This is a very complicated situation. Yes, legalizing sex work has been shown to increase demand. This is why proper regulation is so important. The problem is that whenever governments make laws about this stuff, they tend to not talk to sex workers and not talk to the police. In Amsterdam, for example, the city council keeps closing red light windows, and the girls don’t want them closed, and the police would rather they stay, too. Makes it much easier for law enforcement to monitor if it’s out in the open, and it makes it much safer for sex workers and their clients if they have safe places to work.
Ultimately, human trafficking and abuse will happen either way. What we need to combat that is transparency. Have brothels, maybe even a whole red light district. Hell, convert Ontario Place, no one really lives there and nothing much is happening there anyway. Require the owners and maybe the girls themselves to be licensed (but don’t make it prohibitively expensive), make strict policies regarding underage and trafficked girls, if a brothel is found to be employing them, shut them down and press criminal charges. There are examples of this sort of model working already. It works well in Nevada, works well in the Netherlands, Germany, Belgium, etc. We could refine those models, come up with something that would work for us.

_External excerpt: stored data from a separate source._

lemma higher_deriv_quadratic:
  fixes m v :: real
  shows "(deriv ^^ j) (\<lambda>t. m * t + v * t\<^sup>2 / 2) 0 = (if j = 1 then m else if j = 2 then v else 0)"
proof -
  have d1: "deriv (\<lambda>t. m * t + v * t\<^sup>2 / 2) = (\<lambda>t. m + v * t)"
    by (intro ext DERIV_imp_deriv) (rule derivative_eq_intros refl | simp)+
  have d2: "deriv (\<lambda>t. m + v * t) = (\<lambda>_. v)"
    by (intro ext DERIV_imp_deriv) (rule derivative_eq_intros refl | simp)+
  show ?thesis
  proof (cases "j < 3")
    case True
    moreover have "(deriv ^^ 2) f = deriv (deriv f)" for f :: "real \<Rightarrow> real"
      by (simp add: numeral_2_eq_2)
    ultimately show ?thesis
      by (auto simp: d1 d2 less_Suc_eq numeral_3_eq_3)
  next
    case False
    then obtain k where "j = k + 3"
      using le_Suc_ex[of 3 j] by (auto simp: add.commute)
    have "(deriv ^^ 3) f = deriv (deriv (deriv f))" for f :: "real \<Rightarrow> real"
      by (simp add: numeral_3_eq_3)
    then have "(deriv ^^ j) (\<lambda>t. m * t + v * t\<^sup>2 / 2) = (deriv ^^ k) (\<lambda>_. 0)"
      by (simp add: \<open>j = k + 3\<close> funpow_add d1 d2)
    moreover have "(deriv ^^ k) (\<lambda>_. 0 :: real) = (\<lambda>_. 0)"
      by (induction k) auto
    ultimately show ?thesis
      using False by simp
  qed
qed

lemma (in prob_space) cumulant_normal:
  assumes "0 < s" and "distributed M lborel Z (normal_density m s)"
  shows "cumulant M Z j = (if j = 1 then m else if j = 2 then s\<^sup>2 else 0)"
  unfolding cumulant_def normal_distributed_mgf[OF assms] by (simp add: higher_deriv_quadratic)

lemma moment_matched_div_power_le:
  fixes a b :: "'i \<Rightarrow> real"
  assumes "finite I" and pos: "\<And>i. i \<in> I \<Longrightarrow> 0 < a i \<and> 0 < b i"
    and "0 < \<alpha>" and "0 < \<beta>"
    and mean: "\<alpha> / \<beta> = (\<Sum>i\<in>I. a i / b i)" and var: "\<alpha> / \<beta>\<^sup>2 = (\<Sum>i\<in>I. a i / (b i)\<^sup>2)"
  shows "\<alpha> / \<beta> ^ Suc k \<le> (\<Sum>i\<in>I. a i / b i ^ Suc k)"
proof -
  define \<mu> where "\<mu> = \<alpha> / \<beta>"
  have "0 < \<mu>"
    using \<open>0 < \<alpha>\<close> \<open>0 < \<beta>\<close> by (simp add: \<mu>_def)
  define w where "w i = a i / b i / \<mu>" for i
  have "(\<Sum>i\<in>I. w i) = (\<Sum>i\<in>I. a i / b i) / \<mu>"
    unfolding w_def by (rule sum_divide_distrib[symmetric])
  also have "\<dots> = 1"
    using \<open>0 < \<mu>\<close> mean by (simp add: \<mu>_def)
  finally have "(\<Sum>i\<in>I. w i) = 1" .
  then have "I \<noteq> {}"
    by auto
  have "convex_on {0..} (\<lambda>x::real. x ^ k)"
    by (cases "even k") (auto intro: convex_on_subset[OF convex_power_even] convex_power_odd)
  moreover have "i \<in> I \<Longrightarrow> 0 \<le> w i \<and> 1 / b i \<in> {0..}" for i
    using pos[of i] \<open>0 < \<mu>\<close> by (simp add: w_def)
  ultimately have "(\<Sum>i\<in>I. w i *\<^sub>R (1 / b i)) ^ k \<le> (\<Sum>i\<in>I. w i * (1 / b i) ^ k)"
    using \<open>finite I\<close> \<open>I \<noteq> {}\<close> \<open>(\<Sum>i\<in>I. w i) = 1\<close>
    by (intro convex_on_sum) auto
  also have "(\<Sum>i\<in>I. w i *\<^sub>R (1 / b i)) = (\<Sum>i\<in>I. a i / (b i)\<^sup>2) / \<mu>"
    by (simp add: w_def power2_eq_square sum_divide_distrib ac_simps)
  also have "\<dots> = 1 / \<beta>"
    unfolding var[symmetric] \<mu>_def using \<open>0 < \<alpha>\<close> by (simp add: power2_eq_square)
  also have "(\<Sum>i\<in>I. w i * (1 / b i) ^ k) = (\<Sum>i\<in>I. a i / b i ^ Suc k) / \<mu>"
    by (simp add: w_def power_divide sum_divide_distrib ac_simps)
  finally have "\<mu> * (1 / \<beta>) ^ k \<le> (\<Sum>i\<in>I. a i / b i ^ Suc k)"
    using \<open>0 < \<mu>\<close> by (simp add: pos_le_divide_eq mult.commute)
  then show ?thesis
    by (simp add: \<mu>_def power_divide)
qed
(* Let $I=(0,1)$. For every integer $k\ge1$ and every $0<s<1$, \[BV(I)\sim BGV^k(I)\sim BGV^{k+s}(I),\] namely the three function spaces are topologically equivalent.
   Context: For $r=k+s$ with $k\in\mathbb N$, $0\le s<1$ and $\alpha\in(0,\infty)^{k+1}$, $BGV^{r}_\alpha(I)=\{u\in L^1(I): |u|_{TGV^{r}_\alpha(I)}<\infty\}$ with norm $\|u\|_{L^1(I)}+|u|_{TGV^r_\alpha(I)}$, and $BGV^r(I)$ denotes $BGV^r_\alpha(I)$ for some $\alpha$ (membership does not depend on $\alpha$). Here, with $|\mu|_{\mathcal M_b}$ the total variation of a measure, $u'$ the distributional derivative, and $|v|_{W^{s,p}(I)}=(\int_I\int_I|v(x)-v(y)|^p|x-y|^{-1-sp}dxdy)^{1/p}$: integer order $|u|_{TGV^1_\beta}=\beta_0|u'|_{\mathcal M_b}$, and $|u|_{TGV^{m+1}_\beta}=\inf\{\beta_0|u'-v_0|_{\mathcal M_b}+\beta_1|v_0'-v_1|_{\mathcal M_b}+\dots+\beta_{m-1}|v_{m-2}'-v_{m-1}|_{\mathcal M_b}+\beta_m|v_{m-1}'|_{\mathcal M_b}: v_i\in BV(I)\}$; fractional order ($0<s<1$): $|u|_{TGV^{1+s}_\alpha}=\inf\{\alpha_0|u'-sv_0|_{\mathcal M_b}+\alpha_1s(1-s)|v_0|_{W^{s,1+s(1-s)}}+\alpha_0s(1-s)|\int_Iv_0|: v_0\in W^{s,1+s(1-s)}(I)\}$ and for $k>1$, $|u|_{TGV^{k+s}_\alpha}=\inf\{\alpha_0|u'-v_0|_{\mathcal M_b}+\dots+\alpha_{k-1}|v_{k-2}'-sv_{k-1}|_{\mathcal M_b}+\alpha_ks(1-s)|v_{k-1}|_{W^{s,1+s(1-s)}}+\alpha_{k-1}s(1-s)|\int_Iv_{k-1}|: v_i\in BV(I), v_{k-1}\in W^{s,1+s(1-s)}(I)\}$. *)

theory Defs
  imports "HOL-Analysis.Analysis"
begin

definition I01 :: "real set" where "I01 = {0<..<1}"

definition test_fns :: "(real \<Rightarrow> real) set" where
  "test_fns = {\<phi>. \<phi> C1_differentiable_on UNIV \<and>
      (\<exists>a b. 0 < a \<and> a \<le> b \<and> b < 1 \<and> (\<forall>x. x \<notin> {a..b} \<longrightarrow> \<phi> x = 0)) \<and>
      (\<forall>x. \<bar>\<phi> x\<bar> \<le> 1)}"

text \<open>Total variation of the distribution u' - v on I (|u' - v|_{M_b}), as the dual norm
  against test functions; equals +\<infinity> if u' - v is not a finite measure.\<close>
definition dtv :: "(real \<Rightarrow> real) \<Rightarrow> (real \<Rightarrow> real) \<Rightarrow> ereal" where
  "dtv u v = (SUP \<phi>\<in>test_fns. ereal (- (LINT x:I01|lborel. u x * deriv \<phi> x)
                                   - (LINT x:I01|lborel. v x * \<phi> x)))"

Decriminalization and regulation is absolutely necessary, in my opinion. The sex trade is not going away. It’s literally the world’s oldest profession. The more you crack down, the more the criminal elements will emerge to fill the gap. Demand will never go away. If we continue to ignore this issue, we are tacitly condoning trafficking. They say the definition of insanity is doing the same thing over and over and expecting different results. We’ve tried criminalization, we’ve tried crackdowns. It doesn’t work. We need a new model.